[Items from a data source]
● ● ● ● ● ● ●

lemma lambda_max_diag_inv_diag_part_mult_bounds:
  fixes B :: "real mat"
  assumes B: "B \<in> carrier_mat n n" and "0 < n"
    and sym: "transpose_mat B = B" and dom: "pos_diag_dominant B"
  shows "1 \<le> lambda_max (diag_inv (diag_part B) * B)
    \<and> lambda_max (diag_inv (diag_part B) * B) < 2"
proof -
  let ?M = "diag_inv (diag_part B) * B"
  have M: "?M \<in> carrier_mat n n" using B by (simp add: diag_inv_diag_part_mult)
  have pos: "0 < B $$ (i, i)" if "i < n" for i
    using pos_diag_dominant_diag_pos[OF dom] B that by simp
  have "mat_trace ?M = (\<Sum>i<n. B $$ (i, i) / B $$ (i, i))"
    using B by (simp add: diag_inv_diag_part_mult mat_trace_def)
  also have "\<dots> = real n"
    using pos by (simp add: less_imp_neq[symmetric])
  finally have "mat_trace ?M = real n" .
  moreover have "Im z = 0" if "eigenvalue (map_mat complex_of_real ?M) z" for z
    using eigenvalue_diag_mult_symmetric_real[OF B sym, of "\<lambda>i. 1 / B $$ (i, i)"] pos that
    by (simp add: diag_inv_diag_part[OF B])
  ultimately obtain k where "eigenvalue ?M k" "1 \<le> k"
    using ex_eigenvalue_ge_mean[OF M \<open>0 < n\<close>] \<open>0 < n\<close> by fastforce
  moreover have "k < 2" if "eigenvalue ?M k" for k
    using eigenvalue_diag_inv_diag_part_mult_near_1[OF B dom that] by simp
  ultimately show ?thesis
    using finite_eigenvalues[OF M] unfolding lambda_max_def
    by (metis (mono_tags) Max_ge Max_in empty_iff mem_Collect_eq order_trans)
qed
(* Let $A$ be a symmetric Frobenius algebra over a commutative ring $\Bbbk$. Then its cyclic cohomology $HC^*_\lambda(A)$ (in the sense of Connes, computed by the cyclic cochains on $A$) is a graded Lie algebra of degree $-1$.
   Context: An algebra $A$ is a symmetric Frobenius algebra if there is an isomorphism of $A$-bimodules $\Theta:A\xrightarrow{\cong}A^\vee=\mathrm{Hom}_\Bbbk(A,\Bbbk)$. The cyclic cochains of $A$ are the linear forms $f$ on $A^{\otimes n+1}$ with $f(a_n,a_0,\dots,a_{n-1})=(-1)^nf(a_0,\dots,a_n)$, forming a subcomplex of the dual of the Hochschild chain complex; $HC^*_\lambda(A)$ is its cohomology. *)

theory Defs
  imports Main
begin

definition kalg :: "('k::comm_ring_1 \<Rightarrow> 'a::ring_1 \<Rightarrow> 'a) \<Rightarrow> bool" where
  "kalg sm \<longleftrightarrow> (\<forall>x. sm 1 x = x) \<and> (\<forall>c d x. sm (c * d) x = sm c (sm d x))
     \<and> (\<forall>c d x. sm (c + d) x = sm c x + sm d x) \<and> (\<forall>c x y. sm c (x + y) = sm c x + sm c y)
     \<and> (\<forall>c x y. sm c (x * y) = sm c x * y) \<and> (\<forall>c x y. sm c (x * y) = x * sm c y)"

definition linform :: "('k::comm_ring_1 \<Rightarrow> 'a::ring_1 \<Rightarrow> 'a) \<Rightarrow> ('a \<Rightarrow> 'k) \<Rightarrow> bool" where
  "linform sm \<phi> \<longleftrightarrow> (\<forall>x y. \<phi> (x + y) = \<phi> x + \<phi> y) \<and> (\<forall>c x. \<phi> (sm c x) = c * \<phi> x)"

text \<open>Symmetric Frobenius algebra: an A-bimodule isomorphism Theta : A -> A^v, where
  A^v carries the bimodule structure (a.phi.b)(y) = phi(b y a).\<close>
definition symm_frobenius :: "('k::comm_ring_1 \<Rightarrow> 'a::ring_1 \<Rightarrow> 'a) \<Rightarrow> ('a \<Rightarrow> 'a \<Rightarrow> 'k) \<Rightarrow> bool" where
  "symm_frobenius sm \<Theta> \<longleftrightarrow> kalg sm
     \<and> (\<forall>x y. \<Theta> (x + y) = (\<lambda>z. \<Theta> x z + \<Theta> y z))
     \<and> (\<forall>c x. \<Theta> (sm c x) = (\<lambda>z. c * \<Theta> x z))
     \<and> bij_betw \<Theta> UNIV {\<phi>. linform sm \<phi>}
     \<and> (\<forall>a b x y. \<Theta> (a * x * b) y = \<Theta> x (b * y * a))"

text \<open>n-cochains of the (dual) Hochschild complex: linear forms on A^{\<otimes> n+1}, represented
  as k-multilinear functions on lists of length n+1 (and 0 on lists of any other length).\<close>
definition cochain :: "('k::comm_ring_1 \<Rightarrow> 'a::ring_1 \<Rightarrow> 'a) \<Rightarrow> nat \<Rightarrow> ('a list \<Rightarrow> 'k) \<Rightarrow> bool" where
  "cochain sm n f \<longleftrightarrow> (\<forall>xs. length xs \<noteq> Suc n \<longrightarrow> f xs = 0)
     \<and> (\<forall>xs i x y c. length xs = Suc n \<and> i \<le> n \<longrightarrow>
          f (xs[i := x + y]) = f (xs[i := x]) + f (xs[i := y])
        \<and> f (xs[i := sm c x]) = c * f (xs[i := x]))"
(* For every finite set of formulas $\Gamma\cup\{\varphi\}\subseteq For$: $\Gamma \vdash_{\bf Tm} \varphi$ if and only if there exist sets of formulas $\Upsilon,\Upsilon'$ such that $\Gamma\cup\{\circ \delta \ : \ \delta \in \Upsilon\}\cup\{\circ' \gamma \ : \ \gamma \in \Upsilon'\} \vdash_{\bf Km} \varphi$, where $\circ\delta:=\Box\delta\to\Diamond\delta$ and $\circ'\gamma:=(\Box\gamma\to\gamma)\wedge(\Box\neg\gamma\to\neg\gamma)$.
   Context: Formulas are built from a denumerable set of propositional variables by the unary connectives $\neg$, $\Box$ and the binary connective $\to$; $For$ is the set of all formulas. Abbreviations: $\Diamond\alpha:=\neg\Box\neg\alpha$, $\alpha\vee\beta:=\neg\alpha\to\beta$, $\alpha\wedge\beta:=\neg(\alpha\to\neg\beta)$. All Hilbert calculi below have as axioms all instances (over $For$) of the axiom schemas of a standard Hilbert calculus for classical propositional logic in the signature $\{\neg,\to\}$, plus the listed modal schemas, with modus ponens as the only rule; $\Gamma\vdash_{\bf L}\alpha$ means there is a derivation of $\alpha$ from $\Gamma$ in ${\bf L}$. ${\bf Km}$: (K') $\Diamond\alpha\to(\Box(\alpha\to\beta)\to(\Box\alpha\to\Box\beta))$; (K1') $\Diamond\neg\beta\to(\Box(\alpha\to\beta)\to(\Diamond\alpha\to\Diamond\beta))$; (K2') $\Diamond\alpha\to(\Diamond(\alpha\to\beta)\to(\Box\alpha\to\Diamond\beta))$; (M3') $(\Diamond\alpha\vee\Diamond\neg\alpha)\to(\Diamond\beta\to\Diamond(\alpha\to\beta))$; (M4') $\Diamond\neg\beta\to(\Diamond\neg\alpha\to\Diamond(\alpha\to\beta))$; (I1) $(\Box\alpha\wedge\Box\neg\alpha)\to(\Box(\alpha\to\beta)\wedge\Box\neg(\alpha\to\beta))$; (I2) $(\Box\beta\wedge\Box\neg\beta)\to(\Box(\alpha\to\beta)\wedge\Box\neg(\alpha\to\beta))$; (M1) $\neg\Diamond\alpha\to\Box(\alpha\to\beta)$; (M2) $\Box\beta\to\Box(\alpha\to\beta)$; (DN1) $\Box\alpha\to\Box\neg\neg\alpha$; (DN2) $\Box\neg\neg\alpha\to\Box\alpha$. ${\bf Tm}$: (K) $\Box(\alpha\to\beta)\to(\Box\alpha\to\Box\beta)$; (K1) $\Box(\alpha\to\beta)\to(\Diamond\alpha\to\Diamond\beta)$; (K2) $\Diamond(\alpha\to\beta)\to(\Box\alpha\to\Diamond\beta)$; (M1); (M2); (M3) $\Diamond\beta\to\Diamond(\alpha\to\beta)$; (M4) $\Diamond\neg\alpha\to\Diamond(\alpha\to\beta)$; (DN1); (DN2); (T) $\Box\alpha\to\alpha$. *)

theory Defs
  imports Main
begin

datatype fm = PVar nat | Neg fm | Box fm | Imp fm fm

definition Dia :: "fm \<Rightarrow> fm" where "Dia a = Neg (Box (Neg a))"
definition Or :: "fm \<Rightarrow> fm \<Rightarrow> fm" where "Or a b = Imp (Neg a) b"
definition And :: "fm \<Rightarrow> fm \<Rightarrow> fm" where "And a b = Neg (Imp a (Neg b))"

text \<open>Classical propositional axioms (Mendelson's system in signature neg, imp).\<close>
inductive cpl_ax :: "fm \<Rightarrow> bool" where
  A1: "cpl_ax (Imp a (Imp b a))"
| A2: "cpl_ax (Imp (Imp a (Imp b c)) (Imp (Imp a b) (Imp a c)))"
| A3: "cpl_ax (Imp (Imp (Neg b) (Neg a)) (Imp (Imp (Neg b) a) b))"

inductive Km_ax :: "fm \<Rightarrow> bool" where
  CPL: "cpl_ax a \<Longrightarrow> Km_ax a"
| K': "Km_ax (Imp (Dia a) (Imp (Box (Imp a b)) (Imp (Box a) (Box b))))"
| K1': "Km_ax (Imp (Dia (Neg b)) (Imp (Box (Imp a b)) (Imp (Dia a) (Dia b))))"
| K2': "Km_ax (Imp (Dia a) (Imp (Dia (Imp a b)) (Imp (Box a) (Dia b))))"
| M3': "Km_ax (Imp (Or (Dia a) (Dia (Neg a))) (Imp (Dia b) (Dia (Imp a b))))"
| M4': "Km_ax (Imp (Dia (Neg b)) (Imp (Dia (Neg a)) (Dia (Imp a b))))"
| I1: "Km_ax (Imp (And (Box a) (Box (Neg a))) (And (Box (Imp a b)) (Box (Neg (Imp a b)))))"
| I2: "Km_ax (Imp (And (Box b) (Box (Neg b))) (And (Box (Imp a b)) (Box (Neg (Imp a b)))))"
| M1: "Km_ax (Imp (Neg (Dia a)) (Box (Imp a b)))"
| M2: "Km_ax (Imp (Box b) (Box (Imp a b)))"
| DN1: "Km_ax (Imp (Box a) (Box (Neg (Neg a))))"
| DN2: "Km_ax (Imp (Box (Neg (Neg a))) (Box a))"

inductive Tm_ax :: "fm \<Rightarrow> bool" where
  CPL: "cpl_ax a \<Longrightarrow> Tm_ax a"
| K: "Tm_ax (Imp (Box (Imp a b)) (Imp (Box a) (Box b)))"
| K1: "Tm_ax (Imp (Box (Imp a b)) (Imp (Dia a) (Dia b)))"
| K2: "Tm_ax (Imp (Dia (Imp a b)) (Imp (Box a) (Dia b)))"
| M1: "Tm_ax (Imp (Neg (Dia a)) (Box (Imp a b)))"
| M2: "Tm_ax (Imp (Box b) (Box (Imp a b)))"
| M3: "Tm_ax (Imp (Dia b) (Dia (Imp a b)))"
| M4: "Tm_ax (Imp (Dia (Neg a)) (Dia (Imp a b)))"
| DN1: "Tm_ax (Imp (Box a) (Box (Neg (Neg a))))"
| DN2: "Tm_ax (Imp (Box (Neg (Neg a))) (Box a))"
| T: "Tm_ax (Imp (Box a) a)"

inductive derivable :: "(fm \<Rightarrow> bool) \<Rightarrow> fm set \<Rightarrow> fm \<Rightarrow> bool" for Ax where
  prem: "a \<in> G \<Longrightarrow> derivable Ax G a"
| ax: "Ax a \<Longrightarrow> derivable Ax G a"
| mp: "derivable Ax G a \<Longrightarrow> derivable Ax G (Imp a b) \<Longrightarrow> derivable Ax G b"

definition circ :: "fm \<Rightarrow> fm" where "circ d = Imp (Box d) (Dia d)"
definition circ' :: "fm \<Rightarrow> fm" where
  "circ' g = And (Imp (Box g) g) (Imp (Box (Neg g)) (Neg g))"

end

theory Submission
  imports Defs
begin

text \<open>Both calculi contain classical propositional logic, so each can derive anything that
follows propositionally, with variables and boxed formulas as atoms, from formulas it derives.
Every instance of a Tm axiom then follows propositionally from Km axioms together with instances
of circ and circ', and conversely every Km axiom, as well as every instance of circ and circ',
follows propositionally from Tm axioms (mostly using T).  Replacing premises and axioms
of a derivation by derivations of them gives both directions, with U = U' = all formulas for
the forward one.\<close>

lemma derivable_transfer:
  assumes "derivable Ax H a"
    and "\<And>b. b \<in> H \<Longrightarrow> derivable Ax' G b"
    and "\<And>b. Ax b \<Longrightarrow> derivable Ax' G b"
  shows "derivable Ax' G a"
  using assms by (induction rule: derivable.induct) (auto intro: derivable.mp)

lemma derivable_mono: "derivable Ax G a \<Longrightarrow> G \<subseteq> H \<Longrightarrow> derivable Ax H a"
  by (erule derivable_transfer) (auto intro: derivable.intros)

fun prop_eval :: "(fm \<Rightarrow> bool) \<Rightarrow> fm \<Rightarrow> bool" where
  "prop_eval v (PVar n) = v (PVar n)"
| "prop_eval v (Box a) = v (Box a)"
| "prop_eval v (Neg a) = (\<not> prop_eval v a)"
| "prop_eval v (Imp a b) = (prop_eval v a \<longrightarrow> prop_eval v b)"

fun prop_atoms :: "fm \<Rightarrow> fm set" where
  "prop_atoms (PVar n) = {PVar n}"
| "prop_atoms (Box a) = {Box a}"
| "prop_atoms (Neg a) = prop_atoms a"
| "prop_atoms (Imp a b) = prop_atoms a \<union> prop_atoms b"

● ● ● ● ● ● ●

Pull out all lines containing the word "PVar" from the entries above.

datatype fm = PVar nat | Neg fm | Box fm | Imp fm fm
  "prop_eval v (PVar n) = v (PVar n)"
  "prop_atoms (PVar n) = {PVar n}"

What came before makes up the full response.